Exercise objective — Retype, word for word, every line from the one holding "theory Submission" through the one holding "0. \<forall>j. sgn ((x" in the entries below, both included, and only those lines.

Exercise materials —

(* Let $A \in \mathbb{R}^{m \times r}$ and $C = \{ x \in \mathbb{R}^r \mid Ax \ge 0\}$. Then $C$ has only finitely many conformally non-decomposable vectors up to positive scalar multiples.
   Context: For $x \in \mathbb{R}^n$, $\operatorname{sign}(x) \in \{-,0,+\}^n$ is obtained by applying the sign function componentwise; the relations $0<-$, $0<+$ induce a componentwise partial order on $\{-,0,+\}^n$. A nonzero $x \in C$ is conformally non-decomposable if for all nonzero $x^1,x^2 \in C$ with $\operatorname{sign}(x^1),\operatorname{sign}(x^2) \le \operatorname{sign}(x)$, $x = x^1 + x^2$ implies $x^1 = \lambda x^2$ for some $\lambda > 0$. *)

theory Defs
  imports "HOL-Analysis.Analysis"
begin

text \<open>The partial order on sign values has 0 below - and +, and - and + incomparable;
  componentwise: sign(x) \<le> sign(y) iff each component of sign(x) is 0 or equals that of sign(y).\<close>
definition sign_le :: "real ^ 'n \<Rightarrow> real ^ 'n \<Rightarrow> bool" where
  "sign_le x y \<longleftrightarrow> (\<forall>i. sgn (x $ i) = 0 \<or> sgn (x $ i) = sgn (y $ i))"

definition conf_nondecomp :: "(real ^ 'n) set \<Rightarrow> real ^ 'n \<Rightarrow> bool" where
  "conf_nondecomp C x \<longleftrightarrow> x \<in> C \<and> x \<noteq> 0 \<and>
     (\<forall>x1 x2. x1 \<in> C \<and> x2 \<in> C \<and> x1 \<noteq> 0 \<and> x2 \<noteq> 0 \<and>
        sign_le x1 x \<and> sign_le x2 x \<and> x = x1 + x2 \<longrightarrow> (\<exists>l>0. x1 = l *\<^sub>R x2))"

end

theory Submission
  imports Defs
begin

text \<open>
  Let x be conformally non-decomposable and let x' be a nonzero vector of C with the same
  sign vector as x such that A x' vanishes wherever A x does. For small t > 0 the vectors
  x - t x' and A (x - t x') have the same sign vectors as x and A x, so
  x = (x - t x') + t x' is a conformal decomposition inside C; non-decomposability forces x
  to be a positive multiple of x'. Hence x is determined up to positive scaling by its sign
  vector and the zero set of A x, of which there are only finitely many.
\<close>

lemma eventually_sgn_diff_scaled:
  fixes a b :: real
  assumes "a = 0 \<Longrightarrow> b = 0"
  shows "\<forall>\<^sub>F t in at_right 0. sgn (a - t * b) = sgn a"
proof (cases "a = 0")
  case True
  then show ?thesis using assms by simp
next
  case False
  have "((\<lambda>t. a - t * b) \<longlongrightarrow> a - 0 * b) (at_right (0::real))"
    by (intro tendsto_intros)
  then have lim: "((\<lambda>t. a - t * b) \<longlongrightarrow> a) (at_right (0::real))"
    by simp
  consider "a > 0" | "a < 0" using False by linarith
  then show ?thesis
  proof cases
    case 1
    with order_tendstoD(1)[OF lim 1] show ?thesis
      by (elim eventually_mono) simp
  next
    case 2
    with order_tendstoD(2)[OF lim 2] show ?thesis
      by (elim eventually_mono) simp
  qed
qed

lemma eventually_sgn_vec_diff_scaled:
  fixes v w :: "real ^ 'n"
  assumes "\<And>j. v $ j = 0 \<Longrightarrow> w $ j = 0"
  shows "\<forall>\<^sub>F t in at_right 0. \<forall>j. sgn ((v - t *\<^sub>R w) $ j) = sgn (v $ j)"
  by (rule eventually_all_finite) (use assms in \<open>auto intro: eventually_sgn_diff_scaled\<close>)

lemma exists_conformal_difference_in_cone:
  fixes A :: "real ^ 'r ^ 'm"
  assumes Ax: "\<And>i. (A *v x) $ i \<ge> 0"
    and same_sgn: "\<And>j. sgn (x' $ j) = sgn (x $ j)"
    and active: "\<And>i. (A *v x) $ i = 0 \<Longrightarrow> (A *v x') $ i = 0"
  obtains t where "t > 0" "\<And>i. (A *v (x - t *\<^sub>R x')) $ i \<ge> 0"
    "sign_le (x - t *\<^sub>R x') x"
proof -
  have "x $ j = 0 \<Longrightarrow> x' $ j = 0" for j
    using same_sgn[of j] by (simp add: sgn_eq_0_iff)
  then have "\<forall>\<^sub>F t in at_right 0. \<forall>j. sgn ((x - t *\<^sub>R x') $ j) = sgn (x $ j)"
    by (rule eventually_sgn_vec_diff_scaled)
  moreover have "\<forall>\<^sub>F t in at_right 0.
      \<forall>i. sgn ((A *v x - t *\<^sub>R (A *v x')) $ i) = sgn ((A *v x) $ i)"
    using active by (rule eventually_sgn_vec_diff_scaled)
  ultimately have "\<forall>\<^sub>F t in at_right 0. t > 0 \<and> (\<forall>j. sgn ((x - t *\<^sub>R x') $ j) = sgn (x $ j)) \<and>
      (\<forall>i. sgn ((A *v x - t *\<^sub>R (A *v x')) $ i) = sgn ((A *v x) $ i))"
    using eventually_at_right_less[of 0] by eventually_elim blast
  then obtain t where t: "t > 0" and sgn_y: "\<And>j. sgn ((x - t *\<^sub>R x') $ j) = sgn (x $ j)"
    and sgn_Ay: "\<And>i. sgn ((A *v x - t *\<^sub>R (A *v x')) $ i) = sgn ((A *v x) $ i)"
    using eventually_happens' trivial_limit_at_right_real by blast
  have "(A *v (x - t *\<^sub>R x')) $ i \<ge> 0" for i
    using sgn_Ay[of i] Ax[of i]
    by (auto simp: matrix_vector_mult_diff_distrib matrix_vector_mult_scaleR sgn_real_def
        split: if_splits)
  moreover have "sign_le (x - t *\<^sub>R x') x"
    using sgn_y by (simp add: sign_le_def)
  ultimately show ?thesis using t that by blast
qed

lemma conf_nondecomp_positive_multiple:
  fixes A :: "real ^ 'r ^ 'm"
  assumes C_def: "C = {x. \<forall>i. (A *v x) $ i \<ge> 0}"
    and nd: "conf_nondecomp C x" and x'C: "x' \<in> C" and x'0: "x' \<noteq> 0"
    and same_sgn: "\<And>j. sgn (x' $ j) = sgn (x $ j)"
    and active: "\<And>i. (A *v x) $ i = 0 \<Longrightarrow> (A *v x') $ i = 0"
  shows "\<exists>l>0. x = l *\<^sub>R x'"
proof -
  have "x \<in> C" using nd unfolding conf_nondecomp_def by blast
  then obtain t where t: "t > 0" and yC: "x - t *\<^sub>R x' \<in> C"
    and sign_y: "sign_le (x - t *\<^sub>R x') x"
    using exists_conformal_difference_in_cone[OF _ same_sgn active] C_def by auto
  have tx'C: "t *\<^sub>R x' \<in> C" using x'C t unfolding C_def
    by (simp add: matrix_vector_mult_scaleR)
  have sign_tx': "sign_le (t *\<^sub>R x') x"
    using same_sgn t by (simp add: sign_le_def sgn_mult)
  have tx'0: "t *\<^sub>R x' \<noteq> 0" using t x'0 by simp
  show ?thesis
  proof (cases "x - t *\<^sub>R x' = 0")
    case True
    then show ?thesis using t by auto
  next
    case False
    then obtain l where "l > 0" "x - t *\<^sub>R x' = l *\<^sub>R (t *\<^sub>R x')"
      using nd yC tx'C tx'0 sign_y sign_tx' unfolding conf_nondecomp_def
      by (metis diff_add_cancel)
    then have "x = (l * t + t) *\<^sub>R x'" "l * t + t > 0"
      using t by (simp_all add: algebra_simps add_pos_pos)
    then show ?thesis by blast
  qed
qed

lemma finite_representatives:
  assumes "finite (key ` S)"
    and "\<And>x y. x \<in> S \<Longrightarrow> y \<in> S \<Longrightarrow> key x = key y \<Longrightarrow> R x y"
  shows "\<exists>F. finite F \<and> (\<forall>x\<in>S. \<exists>f\<in>F. R x f)"
proof (intro exI conjI ballI)
  define rep where "rep k = (SOME y. y \<in> S \<and> key y = k)" for k
  show "finite (rep ` key ` S)" using assms(1) by simp
  fix x assume "x \<in> S"
  then have "rep (key x) \<in> S \<and> key (rep (key x)) = key x"
    unfolding rep_def using someI[of "\<lambda>y. y \<in> S \<and> key y = key x" x] by blast
  then have "R x (rep (key x))" using assms(2) \<open>x \<in> S\<close> by simp
  then show "\<exists>f\<in>rep ` key ` S. R x f" using \<open>x \<in> S\<close> by blast
qed

theorem proposition3:
  fixes A :: "real ^ 'r ^ 'm"
  defines "C \<equiv> {x :: real ^ 'r. \<forall>i. (A *v x) $ i \<ge> 0}"
  shows "\<exists>F. finite F \<and> (\<forall>x. conf_nondecomp C x \<longrightarrow> (\<exists>f\<in>F. \<exists>l>0. x = l *\<^sub>R f))"
proof -
  define key where
    "key x = ({j. x $ j > 0}, {j. x $ j < 0}, {i. (A *v x) $ i = 0})" for x :: "real ^ 'r"
  have "\<exists>l>0. x = l *\<^sub>R f"
    if "conf_nondecomp C x" "conf_nondecomp C f" "key x = key f" for x f
  proof (rule conf_nondecomp_positive_multiple[OF _ that(1)])
    show "sgn (f $ j) = sgn (x $ j)" for j
    proof -
      have "x $ j > 0 \<longleftrightarrow> f $ j > 0" "x $ j < 0 \<longleftrightarrow> f $ j < 0"
        using \<open>key x = key f\<close> by (auto simp: key_def set_eq_iff)
      then show ?thesis unfolding sgn_real_def by (smt (verit))
    qed
    show "(A *v f) $ i = 0" if "(A *v x) $ i = 0" for i
      using \<open>key x = key f\<close> that by (auto simp: key_def set_eq_iff)
  qed (use that(2) C_def in \<open>auto simp: conf_nondecomp_def\<close>)
  then have "\<exists>F. finite F \<and> (\<forall>x\<in>{x. conf_nondecomp C x}. \<exists>f\<in>F. \<exists>l>0. x = l *\<^sub>R f)"
    by (intro finite_representatives[where key = key]) auto
  then show ?thesis by blast
qed

end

Output for this exercise —
theory Submission
  imports Defs
begin

text \<open>
  Let x be conformally non-decomposable and let x' be a nonzero vector of C with the same
  sign vector as x such that A x' vanishes wherever A x does. For small t > 0 the vectors
  x - t x' and A (x - t x') have the same sign vectors as x and A x, so
  x = (x - t x') + t x' is a conformal decomposition inside C; non-decomposability forces x
  to be a positive multiple of x'. Hence x is determined up to positive scaling by its sign
  vector and the zero set of A x, of which there are only finitely many.
\<close>

lemma eventually_sgn_diff_scaled:
  fixes a b :: real
  assumes "a = 0 \<Longrightarrow> b = 0"
  shows "\<forall>\<^sub>F t in at_right 0. sgn (a - t * b) = sgn a"
proof (cases "a = 0")
  case True
  then show ?thesis using assms by simp
next
  case False
  have "((\<lambda>t. a - t * b) \<longlongrightarrow> a - 0 * b) (at_right (0::real))"
    by (intro tendsto_intros)
  then have lim: "((\<lambda>t. a - t * b) \<longlongrightarrow> a) (at_right (0::real))"
    by simp
  consider "a > 0" | "a < 0" using False by linarith
  then show ?thesis
  proof cases
    case 1
    with order_tendstoD(1)[OF lim 1] show ?thesis
      by (elim eventually_mono) simp
  next
    case 2
    with order_tendstoD(2)[OF lim 2] show ?thesis
      by (elim eventually_mono) simp
  qed
qed

lemma eventually_sgn_vec_diff_scaled:
  fixes v w :: "real ^ 'n"
  assumes "\<And>j. v $ j = 0 \<Longrightarrow> w $ j = 0"
  shows "\<forall>\<^sub>F t in at_right 0. \<forall>j. sgn ((v - t *\<^sub>R w) $ j) = sgn (v $ j)"
  by (rule eventually_all_finite) (use assms in \<open>auto intro: eventually_sgn_diff_scaled\<close>)

lemma exists_conformal_difference_in_cone:
  fixes A :: "real ^ 'r ^ 'm"
  assumes Ax: "\<And>i. (A *v x) $ i \<ge> 0"
    and same_sgn: "\<And>j. sgn (x' $ j) = sgn (x $ j)"
    and active: "\<And>i. (A *v x) $ i = 0 \<Longrightarrow> (A *v x') $ i = 0"
  obtains t where "t > 0" "\<And>i. (A *v (x - t *\<^sub>R x')) $ i \<ge> 0"
    "sign_le (x - t *\<^sub>R x') x"
proof -
  have "x $ j = 0 \<Longrightarrow> x' $ j = 0" for j
    using same_sgn[of j] by (simp add: sgn_eq_0_iff)
  then have "\<forall>\<^sub>F t in at_right 0. \<forall>j. sgn ((x - t *\<^sub>R x') $ j) = sgn (x $ j)"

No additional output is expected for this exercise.